6. The method according to claim 5, characterized in that in step 3.1.3, the parameters of the deep network are adjusted using a minimum reconstruction cross entropy.

7. The method according to claim 4, characterized in that said step 3.2 further comprises the steps of:

step 3.2.1: utilizing a certain level y in the hierarchy of labels^(l)The label adjusts the slave h in the deep network⁽⁰⁾To h^(l)Parameters of the layer;

step 3.2.2: through h^(l)Layer and y^(l)Layer representation merge learning to get h^(l+1)The characteristic of the layer is expressed, and the corresponding parameter of the deep network is adjusted until h^(L)And (3) a layer.

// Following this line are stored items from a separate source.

(* Let $\pi$ be uniformly distributed on $\mathrm{PF}_n$ and let $X$ be a Borel random variable, $P(X=m)=e^{-m}m^{m-1}/m!$ for $m=1,2,\dots$. For each fixed integer $j\ge 0$, $$P(\pi_1=n-j)\sim\frac{P(X\le j+1)}{n}\qquad(n\to\infty).$$ In particular $P(\pi_1=n)\sim 1/(en)$.
   Context: A parking function of length $n$ is a sequence $(\pi_1,\dots,\pi_n)$ with $1\le\pi_i\le n$ such that $\#\{t:\pi_t\le i\}\ge i$ for all $1\le i\le n$; $\mathrm{PF}_n$ denotes the set of these. $a_n\sim b_n$ means $a_n/b_n\to1$. *)

theory Defs
  imports "HOL-Analysis.Analysis" "HOL-Library.Landau_Symbols"
begin

text \<open>Parking functions of length n, as lists (pi_1,...,pi_n) = (p!0,...,p!(n-1)).\<close>
definition PF :: "nat \<Rightarrow> nat list set" where
  "PF n = {p. length p = n \<and> (\<forall>t<n. 1 \<le> p ! t \<and> p ! t \<le> n) \<and>
              (\<forall>i\<in>{1..n}. i \<le> card {t. t < n \<and> p ! t \<le> i})}"

definition prob_first :: "nat \<Rightarrow> nat \<Rightarrow> real" where
  "prob_first n k = real (card {p \<in> PF n. p ! 0 = k}) / real (card (PF n))"

definition borel_pmf :: "nat \<Rightarrow> real" where
  "borel_pmf m = (if m \<ge> 1 then exp (- real m) * real m ^ (m - 1) / fact m else 0)"

definition borel_cdf :: "nat \<Rightarrow> real" where
  "borel_cdf j = (\<Sum>m=1..j. borel_pmf m)"

end

theory Submission
  imports Defs "HOL-Real_Asymp.Real_Asymp"
begin

text \<open>
  By Pollak's argument, exactly one of the \<open>n + 1\<close> cyclic rotations of a preference sequence
  in \<open>{0..n}^n\<close> is a parking function: rotate so that the walk ``cars preferring the first \<open>i\<close>
  spots, minus \<open>i\<close>'' starts at its first minimum. Hence \<open>|PF n| = (n + 1)^(n - 1)\<close>.

  Lowering \<open>\<pi>\<^sub>1\<close> from \<open>k + 1\<close> to \<open>k\<close> keeps a parking function parking, and every parking function
  with \<open>\<pi>\<^sub>1 = k\<close> arises in this way unless exactly \<open>k\<close> cars prefer spots \<open>\<le> k\<close> (a breakpoint at \<open>k\<close>).
  So \<open>#{\<pi>\<^sub>1 = k}\<close> is the sum over \<open>k' \<ge> k\<close> of \<open>#{\<pi>\<^sub>1 = k', breakpoint at k'}\<close>. Such a
  parking function consists of a parking function of the \<open>k'\<close> cars preferring spots \<open>\<le> k'\<close>, in
  which car 1 prefers the last spot and is irrelevant, and a parking function of the other
  \<open>n - k'\<close> cars on the spots after \<open>k'\<close>; there are \<open>C(n-1, k'-1) k'^(k'-2) (n-k'+1)^(n-k'-1)\<close> of
  them. With \<open>m = n + 1 - k'\<close>, \<open>n / (n + 1)^(n - 1)\<close> times this count tends to \<open>e^(-m) m^(m-1) / m!\<close>.
\<close>

lemma card_filter_bij_betw:
  assumes "bij_betw f A B" and "\<And>x. x \<in> A \<Longrightarrow> P x \<longleftrightarrow> Q (f x)"
  shows "card {x\<in>A. P x} = card {y\<in>B. Q y}"
proof -
  have "bij_betw f {x\<in>A. P x} {y\<in>B. Q y}"
    by (rule bij_betw_subset[OF assms(1)]) (use assms in \<open>auto simp: bij_betw_def\<close>)
  then show ?thesis by (rule bij_betw_same_card)
qed

lemma ball_of_card_filter_ge:
  assumes "finite I" "card I \<le> card {t\<in>I. P t}"
  shows "\<forall>t\<in>I. P t"
proof -
  have "{t\<in>I. P t} = I" using assms by (intro card_seteq) auto
  then show ?thesis by blast
qed

lemma ball_atLeastAtMost_add_iff:
  fixes a b :: nat
  shows "(\<forall>i\<in>{1..a + b}. P i) \<longleftrightarrow> (\<forall>i\<in>{1..a}. P i) \<and> (\<forall>i\<in>{1..b}. P (a + i))"
proof
  assume H: "(\<forall>i\<in>{1..a}. P i) \<and> (\<forall>i\<in>{1..b}. P (a + i))"
  show "\<forall>i\<in>{1..a + b}. P i"
  proof
    fix i assume i: "i \<in> {1..a + b}"
    show "P i"
    proof (cases "i \<le> a")
      case False
      with i have "i - a \<in> {1..b}" "a + (i - a) = i" by auto
      with H show ?thesis by metis
    qed (use H i in auto)
  qed
qed auto
(* $c(7)=5$, $c(8)=6$, and $c(9)=6$.
   Context: For a prime power $q$, $\mathbb{F}_q$ is the finite field with $q$ elements. The Hamming distance on $\mathbb{F}_q^3$ is $d(u,v)=|\{i: u_i\ne v_i\}|$; $B(u)=\{v : d(u,v)\le 1\}$; the extended ball is $E(u)=\bigcup_{\lambda\in\mathbb{F}_q} B(\lambda u)$. A subset $\mathcal{H}\subseteq \mathbb{F}_q^3$ is a short covering of $\mathbb{F}_q^3$ if $\bigcup_{h\in\mathcal{H}} E(h)=\mathbb{F}_q^3$, and $c(q)$ denotes the minimum cardinality of a short covering of $\mathbb{F}_q^3$. *)

theory Defs
  imports "HOL-Analysis.Finite_Cartesian_Product"
begin

definition hdist :: "'a ^ 3 \<Rightarrow> 'a ^ 3 \<Rightarrow> nat" where
  "hdist u v = card {i. u $ i \<noteq> v $ i}"

definition hball :: "'a ^ 3 \<Rightarrow> ('a ^ 3) set" where
  "hball u = {v. hdist u v \<le> 1}"

definition ext_ball :: "('a::field) ^ 3 \<Rightarrow> ('a ^ 3) set" where
  "ext_ball u = (\<Union>l\<in>(UNIV :: 'a set). hball (\<chi> i. l * u $ i))"

definition short_covering :: "(('a::field) ^ 3) set \<Rightarrow> bool" where
  "short_covering H \<longleftrightarrow> (\<Union>h\<in>H. ext_ball h) = UNIV"

text \<open>c(q) for the finite field 'a with q = CARD('a) elements.\<close>
definition c_cov :: "('a::{field,finite}) itself \<Rightarrow> nat" where
  "c_cov (_ :: 'a itself) = (LEAST n. \<exists>H :: ('a ^ 3) set. short_covering H \<and> card H = n)"

end

theory Submission
  imports Defs "HOL-Analysis.Cartesian_Space" "HOL-Algebra.Multiplicative_Group"
begin

text \<open>
  Through its coordinates i and j, a word h with h_i, h_j nonzero covers exactly
  the points with x_j / x_i = h_j / h_i; call these the (i, j)-ratios of H. Covering the
  points (1, s, t) with s, t nonzero forces s \<in> R or t \<in> C or t / s \<in> D for the ratio sets
  R, C, D of the pairs (1, 2), (1, 3), (2, 3). If each of them misses a nonzero element, then
  any two of them together are as large as the multiplicative group, whence
  3 (q - 1) \<le> 2 (|R| + |C| + |D|). Covering the points with a zero coordinate forces, when
  |H| < q - 1, the set V_k of nonzero words of H vanishing at k to be nonempty for each k.
  The words in V_i \<union> V_j have no (i, j)-ratio, and as no nonzero word vanishes everywhere,
  |V_1 \<union> V_2| + |V_1 \<union> V_3| + |V_2 \<union> V_3| \<ge> 5. Hence 3 (q - 1) + 10 \<le> 6 |H|, that is |H| \<ge> 5, 6, 6 for q = 7, 8, 9.

  For a primitive element g, the point (1, g^i, g^j) is covered by (1, g^a, g^b)
  when i = a, j = b or j - i \<equiv> b - a modulo q - 1, so short coverings of sizes 5, 6, 6 are
  read off from small sets of exponent pairs.
\<close>

lemma hdist_le_1_iff: "hdist u v \<le> 1 \<longleftrightarrow> (\<exists>k. \<forall>i. i \<noteq> k \<longrightarrow> u $ i = v $ i)"
proof -
  have "hdist u v \<le> 1 \<longleftrightarrow> (\<forall>i j. u $ i \<noteq> v $ i \<longrightarrow> u $ j \<noteq> v $ j \<longrightarrow> i = j)"
    by (auto simp: hdist_def card_le_Suc0_iff_eq)
  then show ?thesis by metis
qed

lemma mem_ext_ball_iff: "x \<in> ext_ball h \<longleftrightarrow> (\<exists>l k. \<forall>i. i \<noteq> k \<longrightarrow> l * h $ i = x $ i)"
  unfolding ext_ball_def hball_def mem_Collect_eq hdist_le_1_iff by auto

lemma ex_third_index: "(i :: 3) \<noteq> j \<Longrightarrow> \<exists>k. \<forall>m. m \<noteq> k \<longrightarrow> m = i \<or> m = j"
  using exhaust_3 by metis

lemma mem_ext_ballI:
  assumes "i \<noteq> j" "l * h $ i = x $ i" "l * h $ j = x $ j"
  shows "x \<in> ext_ball h"
proof -
  obtain k where "\<forall>m. m \<noteq> k \<longrightarrow> m = i \<or> m = j"
    using ex_third_index[OF assms(1)] by blast
  with assms(2,3) show ?thesis
    unfolding mem_ext_ball_iff by metis
qed

lemma mem_ext_ball_if_ratio:
  assumes "i \<noteq> j" "h $ i \<noteq> 0" "x $ i \<noteq> 0" "x $ j / x $ i = h $ j / h $ i"
  shows "x \<in> ext_ball h"
proof (rule mem_ext_ballI[OF assms(1)])
  show "x $ i / h $ i * h $ i = x $ i" using assms(2) by simp
  show "x $ i / h $ i * h $ j = x $ j" using assms(2-4) by (simp add: field_simps)
qed

lemma mem_ext_ball_if_vanishing:
  assumes "h \<noteq> 0" "h $ k = 0" "x $ k = 0"
  shows "x \<in> ext_ball h"
proof -
  obtain i where "h $ i \<noteq> 0" using assms(1) by (auto simp: vec_eq_iff)
  with assms(2) have "i \<noteq> k" by auto
  then show ?thesis
    by (rule mem_ext_ballI[where l = "x $ i / h $ i"]) (use \<open>h $ i \<noteq> 0\<close> assms(2,3) in simp_all)
qed

lemma short_coveringE:
  assumes "short_covering H"
  obtains h l k where "h \<in> H" "\<And>i. i \<noteq> k \<Longrightarrow> l * h $ i = x $ i"
proof -
  have "x \<in> (\<Union>h\<in>H. ext_ball h)" using assms unfolding short_covering_def by simp
  then obtain h where "h \<in> H" "x \<in> ext_ball h" by blast
  then show ?thesis using that unfolding mem_ext_ball_iff by blast
qed

section \<open>Ratio sets and the lower bound\<close>

definition ratios :: "('a :: field ^ 3) set \<Rightarrow> 3 \<Rightarrow> 3 \<Rightarrow> 'a set" where
  "ratios H i j = (\<lambda>h. h $ j / h $ i) ` {h \<in> H. h $ i \<noteq> 0 \<and> h $ j \<noteq> 0}"

definition vanishing :: "('a :: zero ^ 3) set \<Rightarrow> 3 \<Rightarrow> ('a ^ 3) set" where
  "vanishing H k = {h \<in> H. h \<noteq> 0 \<and> h $ k = 0}"

lemma ratiosI:
  assumes "h \<in> H" "l * h $ i = a" "l * h $ j = b" "a \<noteq> 0" "b \<noteq> 0"
  shows "b / a \<in> ratios H i j"
proof -
  have "l \<noteq> 0" "h $ i \<noteq> 0" "h $ j \<noteq> 0" using assms(2-5) by auto
  then have "b / a = h $ j / h $ i" using assms(2,3) by auto
  with assms(1) \<open>h $ i \<noteq> 0\<close> \<open>h $ j \<noteq> 0\<close> show ?thesis
    unfolding ratios_def by blast
qed

lemma short_covering_ratio_or_vanishing:
  fixes H :: "('a :: field ^ 3) set"
  assumes cov: "short_covering H" and "s \<noteq> 0" and ijk: "i \<noteq> j" "i \<noteq> k" "j \<noteq> k"
  shows "s \<in> ratios H i j \<or> vanishing H k \<noteq> {}"
proof -
  define x :: "'a ^ 3" where "x = (\<chi> p. if p = i then 1 else if p = j then s else 0)"
  have x: "x $ i = 1" "x $ j = s" "x $ k = 0"
    using ijk by (simp_all add: x_def)
  obtain h l m where h: "h \<in> H" and agree: "\<And>p. p \<noteq> m \<Longrightarrow> l * h $ p = x $ p"
    using short_coveringE[OF cov] by metis
  show ?thesis
  proof (cases "m = k")
    case True
    then have "l * h $ i = 1" "l * h $ j = s"
      using agree[of i] agree[of j] x ijk by auto
    then show ?thesis using ratiosI[OF h] \<open>s \<noteq> 0\<close> by fastforce
  next
    case False
    then have "l * h $ k = 0" using agree[of k] x by simp
    moreover have "l * h $ i \<noteq> 0 \<or> l * h $ j \<noteq> 0"
    proof (cases "m = i")
      case True
      then show ?thesis using agree[of j] x ijk \<open>s \<noteq> 0\<close> by auto
    next
      case False
      then show ?thesis using agree[of i] x by auto
    qed
    ultimately have "h \<noteq> 0" "h $ k = 0" by auto
    with h show ?thesis unfolding vanishing_def by blast
  qed
qed

lemma short_covering_ratio_triangle:
  fixes H :: "('a :: field ^ 3) set"
  assumes cov: "short_covering H" and "s \<noteq> 0" "t \<noteq> 0"
  shows "s \<in> ratios H 1 2 \<or> t \<in> ratios H 1 3 \<or> t / s \<in> ratios H 2 3"
proof -
  obtain h l m where h: "h \<in> H"
    and agree: "\<And>p. p \<noteq> m \<Longrightarrow> l * h $ p = vector [1, s, t] $ p"
    using short_coveringE[OF cov] by metis
  consider "m = 3" | "m = 2" | "m = 1" using exhaust_3 by blast
  then show ?thesis
  proof cases
    case 1
    then have "l * h $ 1 = 1" "l * h $ 2 = s" using agree[of 1] agree[of 2] by simp_all
    then show ?thesis using ratiosI[OF h] \<open>s \<noteq> 0\<close> by fastforce
  next
    case 2
    then have "l * h $ 1 = 1" "l * h $ 3 = t" using agree[of 1] agree[of 3] by simp_all
    then show ?thesis using ratiosI[OF h] \<open>t \<noteq> 0\<close> by fastforce
  next
    case 3
    then have "l * h $ 2 = s" "l * h $ 3 = t" using agree[of 2] agree[of 3] by simp_all
    then show ?thesis using ratiosI[OF h] \<open>s \<noteq> 0\<close> \<open>t \<noteq> 0\<close> by blast
  qed
qed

8. The method according to claim 7, characterized in that in step 3.2.1 and step 3.2.2, parameters are adjusted for the deep network using a back propagation algorithm based on cross entropy loss.

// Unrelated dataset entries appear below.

(* Let $s\ge 1$, $q=4^{2s}$, and let $\theta$ be the automorphism of $F_q$ given by $\theta(a)=a^{4^s}$. Let $n$ be odd and suppose $x^n-1=h(x)g(x)$ in $F_q[x;\theta]$. Then the skew cyclic code $C=\langle g(x)\rangle$ of length $n$ over $F_q$ is a reversible DNA code if and only if $g(x)$ is a palindromic polynomial.
   Context: $F_q[x;\theta]$ is the skew polynomial ring: polynomials $\sum a_ix^i$ with $a_i\in F_q$, usual addition, and multiplication determined by $xa=\theta(a)x$ for $a\in F_q$. A skew cyclic code of length $n$ is a linear code $C\subseteq F_q^n$ such that $(\theta(c_{n-1}),\theta(c_0),\ldots,\theta(c_{n-2}))\in C$ whenever $(c_0,\ldots,c_{n-1})\in C$; identifying $(c_0,\ldots,c_{n-1})$ with $c_0+c_1x+\dots+c_{n-1}x^{n-1}$, such codes are left $F_q[x;\theta]$-submodules of $F_q[x;\theta]/(x^n-1)$, and $\langle g(x)\rangle$ denotes the left submodule generated by $g(x)$. A polynomial $f(x)=a_0+\dots+a_tx^t$ of degree $t$ is palindromic if $a_i=a_{t-i}$ for all $i$. DNA correspondence: there is a fixed bijection $\tau:F_{4^{2s}}\to\{A,T,G,C\}^{2s}$ such that for every $\beta$, $\tau(\beta^{4^s})$ is the reverse of the string $\tau(\beta)$; it extends to $\phi:F_q^n\to\{A,T,G,C\}^{2sn}$ by concatenation. A code $C\subseteq F_q^n$ is a reversible DNA code if the reverse string $\phi(c)^r$ lies in $\phi(C)$ for all $c\in C$; equivalently, $(\theta(c_{n-1}),\ldots,\theta(c_1),\theta(c_0))\in C$ for every $(c_0,\ldots,c_{n-1})\in C$. *)

theory Defs
  imports "HOL-Computational_Algebra.Polynomial"
begin

text \<open>Skew polynomials F[x;th] are represented by ordinary coefficient sequences
  (type 'a poly); only the multiplication differs: x * a = th(a) * x.\<close>

definition skew_mult :: "('a::field \<Rightarrow> 'a) \<Rightarrow> 'a poly \<Rightarrow> 'a poly \<Rightarrow> 'a poly" where
  "skew_mult th p q =
     (\<Sum>i\<le>degree p. \<Sum>j\<le>degree q. monom (coeff p i * (th ^^ i) (coeff q j)) (i + j))"

text \<open>Remainder of right division by m (p = Q*m + r with deg r < deg m);
  this gives the canonical representative of p in the left module F[x;th]/F[x;th](x^n-1).\<close>

definition skew_rem :: "('a::field \<Rightarrow> 'a) \<Rightarrow> 'a poly \<Rightarrow> 'a poly \<Rightarrow> 'a poly" where
  "skew_rem th p m =
     (THE r. (r = 0 \<or> degree r < degree m) \<and> (\<exists>Q. p = skew_mult th Q m + r))"

definition vec_of :: "nat \<Rightarrow> 'a::zero poly \<Rightarrow> 'a list" where
  "vec_of n r = map (coeff r) [0..<n]"

text \<open>The skew cyclic code <g> of length n: the left submodule of
  F[x;th]/(x^n-1) generated by g, as a set of vectors in F^n.\<close>

definition skew_code :: "('a::field \<Rightarrow> 'a) \<Rightarrow> nat \<Rightarrow> 'a poly \<Rightarrow> 'a list set" where
  "skew_code th n g =
     {vec_of n (skew_rem th (skew_mult th f g) (monom 1 n - 1)) | f. True}"

definition palindromic :: "'a::zero poly \<Rightarrow> bool" where
  "palindromic f \<longleftrightarrow> (\<forall>i\<le>degree f. coeff f i = coeff f (degree f - i))"

datatype nucleotide = nA | nT | nG | nC

definition dna_phi :: "('a \<Rightarrow> nucleotide list) \<Rightarrow> 'a list \<Rightarrow> nucleotide list" where
  "dna_phi tau c = concat (map tau c)"

definition reversible_DNA_code :: "('a \<Rightarrow> nucleotide list) \<Rightarrow> 'a list set \<Rightarrow> bool" where
  "reversible_DNA_code tau Cd \<longleftrightarrow> (\<forall>c\<in>Cd. rev (dna_phi tau c) \<in> dna_phi tau ` Cd)"

end

theory Submission
  imports Defs "HOL-Computational_Algebra.Primes"
begin

text \<open>
  The automorphism \<open>\<theta>(a) = a^(4^s)\<close> of the field with \<open>4^(2s)\<close> elements is an involution, so for
  odd \<open>n\<close> we have \<open>x^n b = \<theta>(b) x^n\<close>. From \<open>x^n - 1 = h g\<close> it follows that
  \<open>\<theta>(g) (x^n - 1) = x^n g - \<theta>(g)\<close>, so \<open>\<theta>(g)\<close> is a left multiple of \<open>g\<close> of the same degree,
  i.e. \<open>\<theta>(g) = b g\<close> for a scalar \<open>b\<close>. The code \<open>\<langle>g\<rangle>\<close> consists of the left multiples of \<open>g\<close>
  of degree \<open>< n\<close>, and since the DNA map is injective, reversibility means closure under
  \<open>c \<mapsto> \<theta>(c\<^sup>r)\<close>, where \<open>c\<^sup>r\<close> reverses the coefficient vector of length \<open>n\<close>.

  If \<open>g\<close> is palindromic, the \<open>\<theta>\<close>-reversal of \<open>x^j g\<close> is a scalar multiple of
  \<open>x^(n-1-j-deg g) g\<close>, and closure follows by additivity. Conversely, if \<open>deg g < n\<close>, the
  \<open>\<theta>\<close>-reversal of \<open>x^(n-1-deg g) g\<close> is a code word of degree at most \<open>deg g\<close>, hence a
  scalar multiple of \<open>g\<close>: the reversed coefficient sequence of \<open>g\<close> is \<open>e\<close> times the original
  one, and \<open>e\<^sup>2 = 1\<close> forces \<open>e = 1\<close> in characteristic 2. If \<open>deg g = n\<close>, then \<open>g\<close> is a
  multiple of \<open>x^n - 1 = x^n + 1\<close>.
\<close>

section \<open>Finite fields and ordinary polynomials\<close>

lemma power_card_eq_self:
  fixes a :: "'a::{field,finite}"
  shows "a ^ card (UNIV :: 'a set) = a"
proof (cases "a = 0")
  case False
  define S where "S = UNIV - {0::'a}"
  have "(\<Prod>x\<in>S. a * x) = (\<Prod>x\<in>S. x)"
    unfolding S_def
    by (rule prod.reindex_bij_witness[of _ "\<lambda>y. y / a" "\<lambda>y. a * y"]) (use False in auto)
  moreover have "(\<Prod>x\<in>S. a * x) = a ^ card S * (\<Prod>x\<in>S. x)"
    by (simp add: prod.distrib)
  moreover have "(\<Prod>x\<in>S. x) \<noteq> 0"
    unfolding S_def by simp
  ultimately have "a ^ card S = 1"
    by (metis mult_cancel_right2)
  moreover have "card (UNIV :: 'a set) = Suc (card S)"
    using finite_UNIV_card_ge_0[where 'a='a] unfolding S_def by (simp add: card_Diff_singleton)
  ultimately show ?thesis by simp
qed (use finite_UNIV_card_ge_0[where 'a='a] in auto)

lemma of_nat_card_eq_0: "of_nat (card (UNIV :: 'a::{field,finite} set)) = (0::'a)"
proof -
  have "(\<Sum>x\<in>(UNIV::'a set). x + 1) = (\<Sum>x\<in>UNIV. x)"
    by (rule sum.reindex_bij_witness[of _ "\<lambda>x. x - 1" "\<lambda>x. x + 1"]) auto
  then show ?thesis by (simp add: sum.distrib)
qed

lemma CHAR_eq_2_if_card_power_2:
  assumes "card (UNIV :: 'a::{field,finite} set) = 2 ^ k"
  shows "CHAR('a) = 2"
proof -
  have "prime CHAR('a)"
    by (intro prime_CHAR_semidom finite_imp_CHAR_pos) simp
  moreover have "CHAR('a) dvd 2 ^ k"
    using of_nat_card_eq_0[where 'a='a] assms of_nat_eq_0_iff_char_dvd by metis
  ultimately show ?thesis
    by (metis prime_dvd_power primes_dvd_imp_eq two_is_prime_nat)
qed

9. The method of claim 7, wherein in step 3.2.2, h is^(l)Layer and y^(l)The representation of the layer is combined with h^(l+1)The representation of the layers constitutes an auto-encoder.

10. The method of claim 1, wherein the step 4 further comprises the steps of:

step 4.1: extracting bottom layer visual features of the test image;

step 4.2: obtaining a hierarchical feature representation of the bottom visual features of the test image by using the depth network;

step 4.3: predicting label information of the test image using a hierarchical feature representation of the test image.